搭建PG数据库的时候,归档一般一份放在pg_wal目录,另外一份作为备份放在备份空间。

因为容灾的时候,灾备传输一般时应用pg_wal的目录,pg_wal目录受到设置的影响,有可能导致归档无法及时的应用,导致断掉。

这时候在备份的归档(我一般保留10天)就起到了作用。

搭建PG集群时,配置归档备份目录

首先我们脚本都放在/zdata/dbbak/scripts目录

cd /zdata/dbbak/scripts

vim archive.sh

#!/bin/bash

source /var/lib/pgsql/.bash_profile

DATE=`date +%Y%m%d`

DIR="/zdata/dbbak/archivedir/$DATE"

BACK="/zdata/dbbak/archivedir/"`date -d '-10 day' +%Y%m%d`

if [ -d "$BACK" ]; then

rm -rf $BACK

echo "success rm $BACK" >/zdata/dbbak/logs/pg_archive_logs

else

echo "the old backup file not exists!" >/zdata/dbbak/logs/pg_archive_logs

fi

(test -d $DIR || mkdir -p $DIR) && cp $1 $DIR/$2

archive_command = 'bin/bash /zdata/dbbak/scripts/archive.sh %p %f'

然后配置postgresql.conf

archive_mode = on # enables archiving; off, on, or always

archive_command = '/bin/bash /zdata/dbbak/scripts/archive.sh %p %f'

对数据库重启

sudo systemctl restart postgresql-11.service

归档目录每天会生成一个天数目录。

-bash-4.2$ ll

total 0

drwxr-xr-x 6 postgres postgres 72 Sep 13 17:53 dbbak

drwxrwxr-x 4 postgres postgres 34 Aug 5 15:57 pg

-bash-4.2$ cd dbbak/

-bash-4.2$ ll

total 0

drwxr-xr-x 3 postgres postgres 22 Sep 13 18:14 archivedir

drwxr-xr-x 2 postgres postgres 6 Aug 5 15:51 archivelog

drwxr-xr-x 2 postgres postgres 6 Aug 5 15:51 backups

drwxr-xr-x 2 postgres postgres 24 Sep 13 18:14 scripts

-bash-4.2$ cd archivedir/

-bash-4.2$ ll

total 4

drwxr-xr-x 2 postgres postgres 4096 Sep 13 18:33 20210913

-bash-4.2$ pwd

/zdata/dbbak/archivedir

-bash-4.2$

Pg_probackup放置于备库上,配置如下:

确保wal_level参数高于minimal,我们选择always,将其放置于备库上。

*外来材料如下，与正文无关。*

(* In each, c (u - rho v) <= L e,
   where up to a common positive factor c is the distance 2/alpha + 2 between the alternatives in
   the extremal placement and e is its value of d(i,a1) - rho d(i,a2). *)
lemma A1_Weak_bound:
  fixes u v L \<rho> :: real
  assumes "0 \<le> u" "u \<le> v" "1 \<le> \<rho>" "L = u + v \<or> L = \<bar>u - v\<bar>"
  shows "2 * (u - \<rho> * v) \<le> L * (1 - \<rho>)"
proof -
  have scaled: "(1 + \<rho>) * u \<le> (1 + \<rho>) * v" using assms by (simp add: mult_left_mono)
  consider "L = u + v" | "L = v - u" using assms by linarith
  then show ?thesis
  proof cases
    case 1
    show ?thesis unfolding 1 using scaled by (simp add: algebra_simps)
  next
    case 2
    have "u \<le> \<rho> * u" using mult_right_mono[of 1 \<rho> u] assms by simp
    then show ?thesis unfolding 2 using scaled by (simp add: algebra_simps)
  qed
qed

lemma A1_Strong_bound:
  fixes u v L \<alpha> \<rho> :: real
  assumes "0 \<le> u" "0 \<le> v" "0 \<le> \<alpha>" "\<alpha> \<le> 1" "u \<le> \<alpha> * v" "1 \<le> \<rho>"
    "L = u + v \<or> L = \<bar>u - v\<bar>"
  shows "(1 + \<alpha>) * (u - \<rho> * v) \<le> L * (\<alpha> - \<rho>)"
proof -
  have scaled: "(1 + \<rho>) * u \<le> (1 + \<rho>) * (\<alpha> * v)" using assms by (simp add: mult_left_mono)
  have "\<alpha> * v \<le> v" using assms by (simp add: mult_left_le_one_le)
  then consider "L = u + v" | "L = v - u" using assms by linarith
  then show ?thesis
  proof cases
    case 1
    show ?thesis unfolding 1 using scaled by (simp add: algebra_simps)
  next
    case 2
    have "\<alpha> * u \<le> \<rho> * u" using mult_right_mono[of \<alpha> \<rho> u] assms by simp
    then show ?thesis unfolding 2 using scaled by (simp add: algebra_simps)
  qed
qed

这样不影响主库。

如果要在primary上配置存档,则存档模式必须设置为“on”或“always”。要在standby下执行存档,请将此参数设置为“always"

archive_command 参数配置

archive_command = '"install_dir/pg_probackup" archive-push -B "backup_dir" --instance instance_name --wal-file-name=%f [remote_options]'

# -- 示例

pg_probackup-14 archive-push -B /zdata/dbbak/probackup --instance timescaledb --wal-file-path=%p --wal-file-name=%f

修改postgresql.conf

# - Archiving -

archive_mode = always # enables archiving; off, on, or always

# (change requires restart)

archive_command = 'bin/bash /zdata/dbbak/scripts/archive.sh %p %f&& pg_probackup-14 archive-push -B /zdata/dbbak/probackup --instance timescaledb --wal-file-path=%p --wal-file-name=%f' # command to use to archive a logfile segment

通过以上配置,我们就有2份完整的归档了。放置于不通的目录。一份是/zdata/dbbak/probackup/wal

一份位于/zdata/dbbak/archivedir/

5.6 创建一个备份

pg_probackup-14 backup -B backup_dir --instance instance_name -b backup_mode

  • backup_mode 取值:
  • FULL:完整备份
  • DELTA :自上次备份以来发生更改的页面创建增量备份
  • PAGE :基于自上次完整或增量备份后生成的 WAL 文件创建增量备份。仅从数据文件中读取更改的块。
  • PTRACK :动态创建增量备份跟踪页面更改

# -- 示例

全备,一般设置为1周2次,周日一次,周3一次,

Probakcup_full.sh &>>/<path>/Probakcup_full.log

pg_probackup-14 backup -B /zdata/dbbak/probackup --instance timescaledb -b full --delete-wal --delete-expired

增量备份,增量备份,设置为1小时备份一次。从看增量来看。1小时备份后还是比较快的。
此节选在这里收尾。